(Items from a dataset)
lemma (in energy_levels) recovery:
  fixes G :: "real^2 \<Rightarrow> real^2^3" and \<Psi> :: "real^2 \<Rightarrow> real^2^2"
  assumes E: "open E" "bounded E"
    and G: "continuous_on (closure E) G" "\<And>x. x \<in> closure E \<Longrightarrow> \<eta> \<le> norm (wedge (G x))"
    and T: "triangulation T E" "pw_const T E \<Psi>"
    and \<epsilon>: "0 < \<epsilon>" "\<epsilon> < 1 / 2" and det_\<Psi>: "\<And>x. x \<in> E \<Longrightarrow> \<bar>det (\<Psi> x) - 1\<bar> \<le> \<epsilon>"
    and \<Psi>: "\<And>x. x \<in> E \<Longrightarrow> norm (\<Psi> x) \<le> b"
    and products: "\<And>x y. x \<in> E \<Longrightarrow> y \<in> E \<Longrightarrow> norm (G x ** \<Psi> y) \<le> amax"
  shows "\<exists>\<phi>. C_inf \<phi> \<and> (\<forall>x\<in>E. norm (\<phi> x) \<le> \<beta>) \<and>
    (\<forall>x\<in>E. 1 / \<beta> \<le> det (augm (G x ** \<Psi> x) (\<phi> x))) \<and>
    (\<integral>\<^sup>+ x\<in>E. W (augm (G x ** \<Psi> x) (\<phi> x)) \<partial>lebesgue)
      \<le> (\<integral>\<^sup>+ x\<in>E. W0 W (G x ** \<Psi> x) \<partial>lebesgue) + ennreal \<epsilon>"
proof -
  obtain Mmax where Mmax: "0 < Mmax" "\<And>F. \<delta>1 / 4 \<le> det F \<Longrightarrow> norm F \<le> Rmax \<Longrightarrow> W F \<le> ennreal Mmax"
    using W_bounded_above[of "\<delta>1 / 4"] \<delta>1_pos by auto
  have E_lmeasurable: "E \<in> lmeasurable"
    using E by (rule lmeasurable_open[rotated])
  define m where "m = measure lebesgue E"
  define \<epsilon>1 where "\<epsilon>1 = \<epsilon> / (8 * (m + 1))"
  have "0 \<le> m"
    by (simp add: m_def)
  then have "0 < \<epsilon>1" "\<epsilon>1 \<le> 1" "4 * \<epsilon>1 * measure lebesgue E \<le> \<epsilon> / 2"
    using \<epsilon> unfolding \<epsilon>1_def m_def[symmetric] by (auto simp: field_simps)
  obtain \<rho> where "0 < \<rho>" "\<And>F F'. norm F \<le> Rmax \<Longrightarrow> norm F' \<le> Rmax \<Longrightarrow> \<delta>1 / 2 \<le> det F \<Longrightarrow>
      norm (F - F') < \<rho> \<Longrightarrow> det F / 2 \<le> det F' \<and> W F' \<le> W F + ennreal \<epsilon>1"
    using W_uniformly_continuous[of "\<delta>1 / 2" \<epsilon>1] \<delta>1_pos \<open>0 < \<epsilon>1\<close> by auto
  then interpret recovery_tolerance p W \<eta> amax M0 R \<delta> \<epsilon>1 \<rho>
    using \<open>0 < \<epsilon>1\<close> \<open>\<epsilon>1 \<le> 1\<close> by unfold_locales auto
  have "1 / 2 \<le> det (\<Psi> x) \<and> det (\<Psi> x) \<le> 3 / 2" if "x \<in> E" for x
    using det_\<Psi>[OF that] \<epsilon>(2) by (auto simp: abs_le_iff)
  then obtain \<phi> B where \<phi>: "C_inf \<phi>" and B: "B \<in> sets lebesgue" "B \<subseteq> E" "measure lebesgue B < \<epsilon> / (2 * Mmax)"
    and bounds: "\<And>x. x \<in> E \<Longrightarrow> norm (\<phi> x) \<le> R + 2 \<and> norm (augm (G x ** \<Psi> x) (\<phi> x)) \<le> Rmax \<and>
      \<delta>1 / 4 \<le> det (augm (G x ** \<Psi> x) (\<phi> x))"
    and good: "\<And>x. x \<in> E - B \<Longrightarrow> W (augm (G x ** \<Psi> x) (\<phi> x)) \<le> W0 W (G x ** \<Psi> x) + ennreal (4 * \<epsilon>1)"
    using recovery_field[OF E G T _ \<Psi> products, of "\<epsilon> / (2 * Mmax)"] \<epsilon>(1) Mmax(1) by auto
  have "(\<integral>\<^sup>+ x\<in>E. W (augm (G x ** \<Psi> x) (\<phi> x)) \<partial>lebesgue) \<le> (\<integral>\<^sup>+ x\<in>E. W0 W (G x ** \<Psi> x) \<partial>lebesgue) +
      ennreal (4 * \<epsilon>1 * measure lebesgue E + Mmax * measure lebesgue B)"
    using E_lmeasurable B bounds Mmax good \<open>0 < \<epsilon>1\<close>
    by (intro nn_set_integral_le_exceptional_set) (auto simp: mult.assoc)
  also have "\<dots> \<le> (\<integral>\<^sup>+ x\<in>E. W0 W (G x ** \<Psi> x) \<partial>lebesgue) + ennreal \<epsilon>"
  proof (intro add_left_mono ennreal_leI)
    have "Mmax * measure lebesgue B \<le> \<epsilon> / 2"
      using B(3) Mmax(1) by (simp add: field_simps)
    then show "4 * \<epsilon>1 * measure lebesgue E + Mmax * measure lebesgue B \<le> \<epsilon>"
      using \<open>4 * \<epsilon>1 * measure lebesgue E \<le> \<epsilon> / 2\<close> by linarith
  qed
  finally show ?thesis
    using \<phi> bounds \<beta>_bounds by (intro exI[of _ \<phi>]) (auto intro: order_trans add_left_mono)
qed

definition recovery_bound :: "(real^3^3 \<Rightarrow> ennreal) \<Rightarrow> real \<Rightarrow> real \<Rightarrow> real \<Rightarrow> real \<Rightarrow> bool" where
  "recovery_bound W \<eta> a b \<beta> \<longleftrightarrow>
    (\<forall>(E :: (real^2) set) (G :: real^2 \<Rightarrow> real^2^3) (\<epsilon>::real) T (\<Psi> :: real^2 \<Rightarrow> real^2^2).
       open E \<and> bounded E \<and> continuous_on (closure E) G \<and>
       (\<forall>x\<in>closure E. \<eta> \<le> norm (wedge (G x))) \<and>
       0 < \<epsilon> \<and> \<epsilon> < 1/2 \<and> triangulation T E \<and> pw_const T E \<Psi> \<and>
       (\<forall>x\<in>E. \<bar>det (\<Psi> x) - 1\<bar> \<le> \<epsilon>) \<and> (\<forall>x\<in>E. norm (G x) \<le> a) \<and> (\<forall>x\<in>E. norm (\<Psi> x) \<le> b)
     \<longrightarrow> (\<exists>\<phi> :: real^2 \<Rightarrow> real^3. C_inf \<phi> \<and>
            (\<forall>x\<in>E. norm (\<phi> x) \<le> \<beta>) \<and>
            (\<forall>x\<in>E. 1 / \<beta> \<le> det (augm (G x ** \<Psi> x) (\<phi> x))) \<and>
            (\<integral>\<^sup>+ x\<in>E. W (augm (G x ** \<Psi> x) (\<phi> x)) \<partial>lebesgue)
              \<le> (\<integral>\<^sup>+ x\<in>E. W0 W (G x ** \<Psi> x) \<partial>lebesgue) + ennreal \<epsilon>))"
...
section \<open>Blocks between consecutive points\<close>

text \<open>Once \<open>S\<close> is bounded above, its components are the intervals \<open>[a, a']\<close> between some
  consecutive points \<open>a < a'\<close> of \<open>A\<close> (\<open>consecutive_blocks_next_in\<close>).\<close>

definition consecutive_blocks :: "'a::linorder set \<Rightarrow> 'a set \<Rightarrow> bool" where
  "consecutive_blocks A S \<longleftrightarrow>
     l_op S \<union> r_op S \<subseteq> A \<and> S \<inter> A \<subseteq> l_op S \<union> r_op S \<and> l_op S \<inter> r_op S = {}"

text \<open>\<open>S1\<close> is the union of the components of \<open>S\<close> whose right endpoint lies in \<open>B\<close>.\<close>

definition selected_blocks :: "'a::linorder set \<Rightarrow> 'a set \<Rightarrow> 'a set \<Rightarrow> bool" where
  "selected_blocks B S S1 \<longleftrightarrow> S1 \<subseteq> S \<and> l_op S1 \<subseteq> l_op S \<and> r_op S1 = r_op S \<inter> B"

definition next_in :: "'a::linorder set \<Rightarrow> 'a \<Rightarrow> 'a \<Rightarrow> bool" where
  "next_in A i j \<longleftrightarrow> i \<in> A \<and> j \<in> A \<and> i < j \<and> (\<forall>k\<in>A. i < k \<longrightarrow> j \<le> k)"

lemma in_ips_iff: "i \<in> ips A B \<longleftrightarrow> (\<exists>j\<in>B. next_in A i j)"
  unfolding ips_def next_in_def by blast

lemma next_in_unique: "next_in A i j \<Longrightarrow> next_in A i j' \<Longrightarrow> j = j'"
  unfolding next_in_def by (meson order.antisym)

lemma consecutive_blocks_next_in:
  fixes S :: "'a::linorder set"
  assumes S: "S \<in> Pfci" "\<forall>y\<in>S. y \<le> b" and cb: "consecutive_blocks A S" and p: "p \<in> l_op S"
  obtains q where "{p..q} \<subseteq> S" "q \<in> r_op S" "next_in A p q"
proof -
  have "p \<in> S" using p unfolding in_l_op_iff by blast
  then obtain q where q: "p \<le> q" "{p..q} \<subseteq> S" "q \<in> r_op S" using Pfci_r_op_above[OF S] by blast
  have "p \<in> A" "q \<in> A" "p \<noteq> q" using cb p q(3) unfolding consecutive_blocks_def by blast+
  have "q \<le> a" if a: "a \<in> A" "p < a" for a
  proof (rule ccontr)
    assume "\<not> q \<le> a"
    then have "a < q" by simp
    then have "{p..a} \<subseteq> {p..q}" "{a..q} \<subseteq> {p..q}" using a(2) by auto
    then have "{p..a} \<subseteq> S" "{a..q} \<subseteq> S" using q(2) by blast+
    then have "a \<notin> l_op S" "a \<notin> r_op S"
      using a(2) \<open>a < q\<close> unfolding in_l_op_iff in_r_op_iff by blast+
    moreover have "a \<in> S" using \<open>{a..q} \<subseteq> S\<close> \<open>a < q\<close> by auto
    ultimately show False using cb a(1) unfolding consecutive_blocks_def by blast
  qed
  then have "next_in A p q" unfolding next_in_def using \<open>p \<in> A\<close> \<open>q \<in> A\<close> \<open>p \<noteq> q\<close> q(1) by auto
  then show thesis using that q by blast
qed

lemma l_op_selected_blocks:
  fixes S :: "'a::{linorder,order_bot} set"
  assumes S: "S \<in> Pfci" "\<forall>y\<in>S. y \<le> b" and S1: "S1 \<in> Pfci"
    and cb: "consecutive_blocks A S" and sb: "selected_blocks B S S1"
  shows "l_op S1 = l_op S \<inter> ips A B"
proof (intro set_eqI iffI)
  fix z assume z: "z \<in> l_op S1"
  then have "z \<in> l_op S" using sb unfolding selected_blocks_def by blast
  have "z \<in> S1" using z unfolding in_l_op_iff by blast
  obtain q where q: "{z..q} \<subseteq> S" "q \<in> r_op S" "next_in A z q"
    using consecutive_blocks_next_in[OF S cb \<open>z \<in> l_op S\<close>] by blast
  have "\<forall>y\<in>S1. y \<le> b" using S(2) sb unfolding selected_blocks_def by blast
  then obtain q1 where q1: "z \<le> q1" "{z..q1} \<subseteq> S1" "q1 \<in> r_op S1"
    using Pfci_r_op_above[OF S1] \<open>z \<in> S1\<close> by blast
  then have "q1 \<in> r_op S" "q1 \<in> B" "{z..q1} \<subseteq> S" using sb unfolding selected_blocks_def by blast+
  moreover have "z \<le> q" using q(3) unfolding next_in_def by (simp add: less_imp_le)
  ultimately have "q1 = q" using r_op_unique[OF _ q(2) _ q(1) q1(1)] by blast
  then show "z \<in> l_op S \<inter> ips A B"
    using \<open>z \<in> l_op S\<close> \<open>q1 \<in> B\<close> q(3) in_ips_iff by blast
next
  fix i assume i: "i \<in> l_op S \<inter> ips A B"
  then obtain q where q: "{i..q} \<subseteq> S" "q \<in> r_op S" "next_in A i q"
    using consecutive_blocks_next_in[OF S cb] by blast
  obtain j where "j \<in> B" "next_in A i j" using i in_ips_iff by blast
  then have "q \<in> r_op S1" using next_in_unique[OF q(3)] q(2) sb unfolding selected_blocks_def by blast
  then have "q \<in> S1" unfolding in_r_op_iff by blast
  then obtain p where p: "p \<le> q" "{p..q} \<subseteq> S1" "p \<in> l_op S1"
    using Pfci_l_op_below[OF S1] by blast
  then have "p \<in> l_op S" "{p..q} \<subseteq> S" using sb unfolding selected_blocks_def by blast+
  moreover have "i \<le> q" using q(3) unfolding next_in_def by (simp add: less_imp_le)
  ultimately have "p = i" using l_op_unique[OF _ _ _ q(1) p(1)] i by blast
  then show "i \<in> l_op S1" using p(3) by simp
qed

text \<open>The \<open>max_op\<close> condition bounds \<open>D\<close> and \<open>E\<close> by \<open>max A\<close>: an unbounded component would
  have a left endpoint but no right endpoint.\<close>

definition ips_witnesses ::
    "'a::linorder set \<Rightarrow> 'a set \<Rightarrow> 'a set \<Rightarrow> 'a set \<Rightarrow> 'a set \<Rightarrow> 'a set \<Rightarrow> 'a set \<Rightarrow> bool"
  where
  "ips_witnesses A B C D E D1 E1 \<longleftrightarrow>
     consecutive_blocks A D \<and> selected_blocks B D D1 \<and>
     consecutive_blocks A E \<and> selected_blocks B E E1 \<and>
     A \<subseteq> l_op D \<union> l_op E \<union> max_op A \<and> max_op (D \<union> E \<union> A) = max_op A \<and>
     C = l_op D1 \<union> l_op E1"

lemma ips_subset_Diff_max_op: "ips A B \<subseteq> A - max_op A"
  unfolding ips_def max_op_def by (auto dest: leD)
==
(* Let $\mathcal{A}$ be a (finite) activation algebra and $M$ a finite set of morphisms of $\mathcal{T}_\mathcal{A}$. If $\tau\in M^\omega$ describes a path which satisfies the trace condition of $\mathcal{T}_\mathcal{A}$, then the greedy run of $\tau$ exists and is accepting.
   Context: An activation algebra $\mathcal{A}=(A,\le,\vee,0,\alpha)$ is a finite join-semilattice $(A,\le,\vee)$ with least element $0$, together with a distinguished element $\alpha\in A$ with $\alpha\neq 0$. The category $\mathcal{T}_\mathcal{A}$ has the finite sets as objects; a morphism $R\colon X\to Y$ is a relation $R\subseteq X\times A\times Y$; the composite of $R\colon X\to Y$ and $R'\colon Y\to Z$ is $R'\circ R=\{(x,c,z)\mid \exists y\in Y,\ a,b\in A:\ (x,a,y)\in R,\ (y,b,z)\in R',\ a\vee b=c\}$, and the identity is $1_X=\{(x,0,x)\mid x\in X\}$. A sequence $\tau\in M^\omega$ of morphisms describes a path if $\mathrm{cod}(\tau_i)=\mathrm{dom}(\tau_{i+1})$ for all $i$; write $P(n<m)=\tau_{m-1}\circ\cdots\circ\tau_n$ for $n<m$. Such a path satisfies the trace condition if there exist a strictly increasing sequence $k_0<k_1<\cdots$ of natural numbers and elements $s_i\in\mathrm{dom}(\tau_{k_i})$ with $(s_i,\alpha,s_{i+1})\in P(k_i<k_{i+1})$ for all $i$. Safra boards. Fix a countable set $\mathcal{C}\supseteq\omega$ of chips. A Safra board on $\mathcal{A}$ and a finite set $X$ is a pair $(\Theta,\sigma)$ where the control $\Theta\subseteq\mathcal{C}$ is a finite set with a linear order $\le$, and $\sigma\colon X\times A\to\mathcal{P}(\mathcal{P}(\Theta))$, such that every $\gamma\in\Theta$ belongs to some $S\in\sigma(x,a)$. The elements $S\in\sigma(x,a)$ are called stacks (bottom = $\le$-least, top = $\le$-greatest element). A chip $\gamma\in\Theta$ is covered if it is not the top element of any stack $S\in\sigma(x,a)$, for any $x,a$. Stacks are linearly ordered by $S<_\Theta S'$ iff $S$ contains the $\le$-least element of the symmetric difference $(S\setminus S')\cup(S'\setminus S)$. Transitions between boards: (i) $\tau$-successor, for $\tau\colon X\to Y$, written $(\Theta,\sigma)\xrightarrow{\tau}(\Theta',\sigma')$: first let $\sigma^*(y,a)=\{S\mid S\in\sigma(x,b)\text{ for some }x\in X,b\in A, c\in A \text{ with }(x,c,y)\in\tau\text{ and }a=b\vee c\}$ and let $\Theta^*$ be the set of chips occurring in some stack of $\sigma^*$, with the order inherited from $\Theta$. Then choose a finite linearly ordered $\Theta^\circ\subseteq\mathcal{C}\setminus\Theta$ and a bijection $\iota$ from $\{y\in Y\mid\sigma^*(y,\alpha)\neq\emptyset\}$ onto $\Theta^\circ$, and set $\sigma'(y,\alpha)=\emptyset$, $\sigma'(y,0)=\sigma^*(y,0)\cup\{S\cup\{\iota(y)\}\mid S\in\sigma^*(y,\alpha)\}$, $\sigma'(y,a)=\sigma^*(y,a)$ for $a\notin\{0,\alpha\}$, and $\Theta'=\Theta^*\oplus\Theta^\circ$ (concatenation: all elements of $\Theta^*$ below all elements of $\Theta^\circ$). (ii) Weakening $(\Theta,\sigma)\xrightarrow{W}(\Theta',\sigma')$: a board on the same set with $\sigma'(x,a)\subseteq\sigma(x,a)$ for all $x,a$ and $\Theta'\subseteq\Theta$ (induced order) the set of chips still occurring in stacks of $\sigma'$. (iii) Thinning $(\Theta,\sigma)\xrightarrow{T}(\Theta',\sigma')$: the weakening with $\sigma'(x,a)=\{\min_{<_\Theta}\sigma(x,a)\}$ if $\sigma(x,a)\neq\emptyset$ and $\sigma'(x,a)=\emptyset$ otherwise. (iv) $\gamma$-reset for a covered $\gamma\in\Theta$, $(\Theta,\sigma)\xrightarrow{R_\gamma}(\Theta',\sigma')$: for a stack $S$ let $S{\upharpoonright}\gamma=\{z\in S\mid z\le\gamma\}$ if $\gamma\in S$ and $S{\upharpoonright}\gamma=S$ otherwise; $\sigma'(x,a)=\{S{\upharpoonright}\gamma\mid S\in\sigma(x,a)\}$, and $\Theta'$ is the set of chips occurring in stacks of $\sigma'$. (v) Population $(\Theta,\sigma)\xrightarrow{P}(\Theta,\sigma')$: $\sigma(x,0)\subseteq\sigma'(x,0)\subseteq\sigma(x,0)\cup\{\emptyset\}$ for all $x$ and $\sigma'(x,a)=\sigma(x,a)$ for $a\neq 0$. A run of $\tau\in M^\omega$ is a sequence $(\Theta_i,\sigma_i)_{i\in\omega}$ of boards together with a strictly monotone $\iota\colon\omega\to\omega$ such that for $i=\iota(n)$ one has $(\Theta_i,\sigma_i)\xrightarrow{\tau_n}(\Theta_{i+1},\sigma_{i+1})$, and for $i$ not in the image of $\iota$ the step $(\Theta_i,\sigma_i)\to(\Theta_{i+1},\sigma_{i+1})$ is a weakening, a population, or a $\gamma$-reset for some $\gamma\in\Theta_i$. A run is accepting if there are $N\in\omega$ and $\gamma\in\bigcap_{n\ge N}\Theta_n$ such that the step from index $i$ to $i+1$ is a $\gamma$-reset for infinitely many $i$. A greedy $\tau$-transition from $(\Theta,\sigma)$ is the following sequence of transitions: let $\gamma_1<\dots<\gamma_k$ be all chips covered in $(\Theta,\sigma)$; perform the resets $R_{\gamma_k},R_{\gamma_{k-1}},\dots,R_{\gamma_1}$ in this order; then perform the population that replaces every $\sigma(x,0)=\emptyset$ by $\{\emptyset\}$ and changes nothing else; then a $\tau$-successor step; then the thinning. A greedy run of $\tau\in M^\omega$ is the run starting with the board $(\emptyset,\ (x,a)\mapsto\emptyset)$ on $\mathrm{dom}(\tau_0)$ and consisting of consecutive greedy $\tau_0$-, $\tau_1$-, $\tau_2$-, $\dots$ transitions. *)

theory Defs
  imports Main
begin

AIM OF THE EXERCISE - Go through the records and gather the lines that hold "rule".

ANSWER TO THIS EXERCISE -
    using E by (rule lmeasurable_open[rotated])
  proof (rule ccontr)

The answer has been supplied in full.